2019, DOI: 10.1111/pce.13473
BSD2 is a Rubisco‐specific assembly chaperone, forms intermediary hetero‐oligomeric complexes, and is nonlimiting to growth in tobacco
Brendon Conlan, Rosemary Birch, Celine Kelso, Sophie Holland, Amanda P. De Souza, Stephen P. Long, Jennifer L. Beck, and Spencer M. Whitney
The folding and assembly of Rubisco large and small subunits into L8S8 holoenzyme in chloroplasts involves many auxiliary factors, including the chaperone BSD2. Here we identify apparent intermediary Rubisco‐BSD2 assembly complexes in the model C3 plant tobacco. We show BSD2 and Rubisco content decrease in tandem with leaf age with approximately half of the BSD2 in young leaves (~70 nmol BSD2 protomer.m2) stably integrated in putative intermediary Rubisco complexes that account for <0.2% of the L8S8pool. RNAi‐silencing BSD2 production in transplastomic tobacco producing bacterial L2Rubisco had no effect on leaf photosynthesis, cell ultrastructure, or plant growth.
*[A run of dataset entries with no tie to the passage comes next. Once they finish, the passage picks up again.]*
(* Let $I,J\subset\mathbb{R}$ be open intervals and $f\colon I\to\mathbb{R}$, $g\colon J\to\mathbb{R}$ smooth functions, let $\alpha(s)=(s,0,f(s))$ (a curve in the plane $\{y=0\}$) and $\beta(t)=(0,t,g(t))$ (a curve in the plane $\{x=0\}$), and consider the translation surface $$x(s,t)=\alpha(s)\ast\beta(t)=(s,\,t\,e^{f(s)},\,f(s)+g(t)),\qquad (s,t)\in I\times J,$$ in $\mathrm{Sol}_3$. This surface is minimal in each of the following cases: (1) $f\equiv a$ is constant and $g(t)=\log|t+\lambda|+\mu$ for constants $\lambda,\mu$ (with $-\lambda\notin J$); (2) $f(s)=-\log|s+\lambda|+\mu$ for constants $\lambda,\mu$ (with $-\lambda\notin I$) and $g\equiv a$ is constant; (3) $g(t)=\log|t|+\mu$ for a constant $\mu$ (with $0\notin J$) and $f$ is an arbitrary smooth function; (4) $f$ and $g$ are both constant (the surface is a piece of a plane $z=z_0$). Moreover, the planes $x=x_0$ are minimal translation surfaces of type III (obtained with $\alpha(s)=(x_0,0,s)$ and $\beta(t)=(0,t,g(t))$, $g$ arbitrary).
   Context: $\mathrm{Sol}_3$ is $\mathbb{R}^3$ with coordinates $(x,y,z)$, the Riemannian metric $e^{2z}dx^2+e^{-2z}dy^2+dz^2$, and the Lie group operation $(x,y,z)\ast(x',y',z')=(x+e^{-z}x',\,y+e^{z}y',\,z+z')$, for which the metric is left-invariant. A translation surface $M(\alpha,\beta)$ is a surface parametrized by $x(s,t)=\alpha(s)\ast\beta(t)$ where $\alpha,\beta$ are curves lying in coordinate planes of $\mathbb{R}^3$; it is of type III if $\alpha\subset\{y=0\}$ and $\beta\subset\{x=0\}$. A surface is minimal if its mean curvature (half the trace of the Weingarten map, computed with the Levi-Civita connection of the metric above) vanishes identically. *)

theory Defs
  imports "HOL-Analysis.Analysis"
begin

definition sol_metric :: "real^3 \<Rightarrow> real^3^3" where
  "sol_metric p = (\<chi> i j. if i = j then
       (if i = 1 then exp (2 * p$3) else if i = 2 then exp (- 2 * p$3) else 1) else 0)"

definition sol_mult :: "real^3 \<Rightarrow> real^3 \<Rightarrow> real^3" where
  "sol_mult p q = vector [p$1 + exp (- p$3) * q$1, p$2 + exp (p$3) * q$2, p$3 + q$3]"

definition metric_partial :: "(real^3 \<Rightarrow> real^3^3) \<Rightarrow> real^3 \<Rightarrow> 3 \<Rightarrow> real^3^3" where
  "metric_partial G p l = (\<chi> i j. deriv (\<lambda>h. G (p + h *\<^sub>R axis l 1) $ i $ j) 0)"

definition christoffel :: "(real^3 \<Rightarrow> real^3^3) \<Rightarrow> real^3 \<Rightarrow> 3 \<Rightarrow> 3 \<Rightarrow> 3 \<Rightarrow> real" where
  "christoffel G p k i j = (1/2) * (\<Sum>l\<in>UNIV. matrix_inv (G p) $ k $ l *
      (metric_partial G p i $ j $ l + metric_partial G p j $ i $ l - metric_partial G p l $ i $ j))"

definition ginner :: "(real^3 \<Rightarrow> real^3^3) \<Rightarrow> real^3 \<Rightarrow> real^3 \<Rightarrow> real^3 \<Rightarrow> real" where
  "ginner G p u v = u \<bullet> (G p *v v)"

text \<open>Covariant derivative at p of a vector field W in direction u, where a is the
  ordinary (coordinate) derivative of W in direction u.\<close>
definition covd :: "(real^3 \<Rightarrow> real^3^3) \<Rightarrow> real^3 \<Rightarrow> real^3 \<Rightarrow> real^3 \<Rightarrow> real^3 \<Rightarrow> real^3" where
  "covd G p u w a = (\<chi> k. a $ k + (\<Sum>i\<in>UNIV. \<Sum>j\<in>UNIV. christoffel G p k i j * u $ i * w $ j))"

definition Xs :: "(real \<Rightarrow> real \<Rightarrow> real^3) \<Rightarrow> real \<Rightarrow> real \<Rightarrow> real^3" where
  "Xs X s t = vector_derivative (\<lambda>s'. X s' t) (at s)"
definition Xt :: "(real \<Rightarrow> real \<Rightarrow> real^3) \<Rightarrow> real \<Rightarrow> real \<Rightarrow> real^3" where
  "Xt X s t = vector_derivative (\<lambda>t'. X s t') (at t)"
definition Xss :: "(real \<Rightarrow> real \<Rightarrow> real^3) \<Rightarrow> real \<Rightarrow> real \<Rightarrow> real^3" where
  "Xss X s t = vector_derivative (\<lambda>s'. Xs X s' t) (at s)"
definition Xst :: "(real \<Rightarrow> real \<Rightarrow> real^3) \<Rightarrow> real \<Rightarrow> real \<Rightarrow> real^3" where
  "Xst X s t = vector_derivative (\<lambda>t'. Xs X s t') (at t)"
definition Xtt :: "(real \<Rightarrow> real \<Rightarrow> real^3) \<Rightarrow> real \<Rightarrow> real \<Rightarrow> real^3" where
  "Xtt X s t = vector_derivative (\<lambda>t'. Xt X s t') (at t)"

text \<open>Unit normal: G^{-1}(X_s x X_t) is G-orthogonal to X_s and X_t; normalise it.\<close>
definition unit_normal :: "(real^3 \<Rightarrow> real^3^3) \<Rightarrow> (real \<Rightarrow> real \<Rightarrow> real^3) \<Rightarrow> real \<Rightarrow> real \<Rightarrow> real^3" where
  "unit_normal G X s t =
     (let p = X s t; c = matrix_inv (G p) *v cross3 (Xs X s t) (Xt X s t)
      in (1 / sqrt (ginner G p c c)) *\<^sub>R c)"

text \<open>Mean curvature H = (E n - 2 F m + Gc l) / (2 (E Gc - F^2)), i.e. half the trace of
  the Weingarten map, with second fundamental form l = <nabla_{X_s} X_s, N>, etc.\<close>
definition mean_curvature :: "(real^3 \<Rightarrow> real^3^3) \<Rightarrow> (real \<Rightarrow> real \<Rightarrow> real^3) \<Rightarrow> real \<Rightarrow> real \<Rightarrow> real" where
  "mean_curvature G X s t =
     (let p = X s t; a = Xs X s t; b = Xt X s t; N = unit_normal G X s t;
          E = ginner G p a a; F = ginner G p a b; Gc = ginner G p b b;
          l = ginner G p (covd G p a a (Xss X s t)) N;
          m = ginner G p (covd G p a b (Xst X s t)) N;
          n = ginner G p (covd G p b b (Xtt X s t)) N
      in (E * n - 2 * F * m + Gc * l) / (2 * (E * Gc - F\<^sup>2)))"

definition minimal_on :: "(real^3 \<Rightarrow> real^3^3) \<Rightarrow> (real \<Rightarrow> real \<Rightarrow> real^3) \<Rightarrow> real set \<Rightarrow> real set \<Rightarrow> bool" where
  "minimal_on G X I J \<longleftrightarrow> (\<forall>s\<in>I. \<forall>t\<in>J. mean_curvature G X s t = 0)"

definition smooth_on :: "real set \<Rightarrow> (real \<Rightarrow> real) \<Rightarrow> bool" where
  "smooth_on I f \<longleftrightarrow> (\<forall>k. \<forall>x\<in>I. ((deriv ^^ k) f) differentiable (at x))"

definition open_interval :: "real set \<Rightarrow> bool" where
  "open_interval I \<longleftrightarrow> open I \<and> is_interval I \<and> I \<noteq> {}"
Genetic crossing the same RNAi‐bsd2 alleles into wild‐type tobacco however impaired L8S8Rubisco production and plant growth, indicating the only critical function of BSD2 is in Rubisco biogenesis. Agrobacterium mediated transient expression of tobacco, Arabidopsis, or maize BSD2 reinstated Rubisco biogenesis in BSD2‐silenced tobacco. Overexpressing BSD2 in tobacco chloroplasts however did not alter Rubisco content, activation status, leaf photosynthesis rate, or plant growth in the field or in the glasshouse at 20°C or 35°C. Our findings indicate BSD2 functions exclusively in Rubisco biogenesis, can efficiently facilitate heterologous plant Rubisco assembly, and is produced in amounts nonlimiting to tobacco growth.